#### Exercise requirements:
Set out exactly, line by line, the stretch of data below that begins at the line containing "(\<gamma> t1) <" and ends at the line containing "using \<open>0 \<le>", with both ends kept.

#### Source information:
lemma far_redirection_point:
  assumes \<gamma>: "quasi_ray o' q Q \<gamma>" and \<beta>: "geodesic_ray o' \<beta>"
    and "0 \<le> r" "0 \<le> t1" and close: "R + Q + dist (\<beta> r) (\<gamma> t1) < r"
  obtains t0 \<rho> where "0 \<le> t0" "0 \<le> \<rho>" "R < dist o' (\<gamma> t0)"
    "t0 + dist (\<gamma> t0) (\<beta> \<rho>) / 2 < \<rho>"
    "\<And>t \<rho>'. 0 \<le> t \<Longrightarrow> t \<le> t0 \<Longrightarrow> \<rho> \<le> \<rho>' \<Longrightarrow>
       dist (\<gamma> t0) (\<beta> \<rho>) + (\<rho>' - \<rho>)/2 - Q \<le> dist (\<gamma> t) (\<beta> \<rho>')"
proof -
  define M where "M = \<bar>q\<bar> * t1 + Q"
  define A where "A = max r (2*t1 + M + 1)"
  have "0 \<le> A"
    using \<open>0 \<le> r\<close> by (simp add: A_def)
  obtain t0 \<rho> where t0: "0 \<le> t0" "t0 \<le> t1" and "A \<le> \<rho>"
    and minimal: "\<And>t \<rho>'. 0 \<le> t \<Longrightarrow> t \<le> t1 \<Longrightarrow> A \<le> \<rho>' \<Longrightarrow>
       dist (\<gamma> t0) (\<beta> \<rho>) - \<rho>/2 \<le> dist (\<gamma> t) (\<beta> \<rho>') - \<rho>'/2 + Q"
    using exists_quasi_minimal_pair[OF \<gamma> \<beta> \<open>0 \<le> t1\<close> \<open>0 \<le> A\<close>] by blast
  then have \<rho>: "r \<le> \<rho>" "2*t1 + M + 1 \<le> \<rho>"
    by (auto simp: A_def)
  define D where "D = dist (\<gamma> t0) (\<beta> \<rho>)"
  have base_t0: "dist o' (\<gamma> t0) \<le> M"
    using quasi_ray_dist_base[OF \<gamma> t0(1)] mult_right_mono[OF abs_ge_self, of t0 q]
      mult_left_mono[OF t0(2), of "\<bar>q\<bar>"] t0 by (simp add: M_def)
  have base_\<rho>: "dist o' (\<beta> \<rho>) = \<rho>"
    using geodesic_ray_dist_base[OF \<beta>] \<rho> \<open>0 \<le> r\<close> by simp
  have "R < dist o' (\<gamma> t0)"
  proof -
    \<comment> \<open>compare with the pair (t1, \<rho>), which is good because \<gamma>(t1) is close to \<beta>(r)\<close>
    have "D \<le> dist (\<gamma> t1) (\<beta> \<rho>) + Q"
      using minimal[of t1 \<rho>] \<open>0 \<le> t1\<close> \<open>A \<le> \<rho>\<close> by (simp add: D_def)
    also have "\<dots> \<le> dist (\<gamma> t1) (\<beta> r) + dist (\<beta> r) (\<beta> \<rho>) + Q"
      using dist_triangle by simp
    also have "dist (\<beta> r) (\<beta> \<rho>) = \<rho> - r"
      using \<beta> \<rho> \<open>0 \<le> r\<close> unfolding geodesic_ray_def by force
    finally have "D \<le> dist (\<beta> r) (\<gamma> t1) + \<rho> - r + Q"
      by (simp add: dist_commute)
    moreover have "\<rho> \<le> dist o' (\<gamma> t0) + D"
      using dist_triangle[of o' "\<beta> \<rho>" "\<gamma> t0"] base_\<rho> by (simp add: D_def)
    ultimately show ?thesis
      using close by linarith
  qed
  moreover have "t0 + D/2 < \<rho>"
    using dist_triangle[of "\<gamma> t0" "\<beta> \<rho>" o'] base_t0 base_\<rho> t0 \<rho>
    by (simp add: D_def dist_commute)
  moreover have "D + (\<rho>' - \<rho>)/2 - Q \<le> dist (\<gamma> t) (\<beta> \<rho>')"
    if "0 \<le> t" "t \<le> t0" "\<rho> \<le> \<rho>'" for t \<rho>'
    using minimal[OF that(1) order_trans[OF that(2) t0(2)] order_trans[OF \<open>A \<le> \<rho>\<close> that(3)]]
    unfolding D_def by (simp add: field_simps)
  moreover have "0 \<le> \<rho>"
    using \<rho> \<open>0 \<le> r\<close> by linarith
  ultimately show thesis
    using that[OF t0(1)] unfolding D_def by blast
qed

#### Task result:
    and "0 \<le> r" "0 \<le> t1" and close: "R + Q + dist (\<beta> r) (\<gamma> t1) < r"
  obtains t0 \<rho> where "0 \<le> t0" "0 \<le> \<rho>" "R < dist o' (\<gamma> t0)"
    "t0 + dist (\<gamma> t0) (\<beta> \<rho>) / 2 < \<rho>"
    "\<And>t \<rho>'. 0 \<le> t \<Longrightarrow> t \<le> t0 \<Longrightarrow> \<rho> \<le> \<rho>' \<Longrightarrow>
       dist (\<gamma> t0) (\<beta> \<rho>) + (\<rho>' - \<rho>)/2 - Q \<le> dist (\<gamma> t) (\<beta> \<rho>')"
proof -
  define M where "M = \<bar>q\<bar> * t1 + Q"
  define A where "A = max r (2*t1 + M + 1)"
  have "0 \<le> A"
    using \<open>0 \<le> r\<close> by (simp add: A_def)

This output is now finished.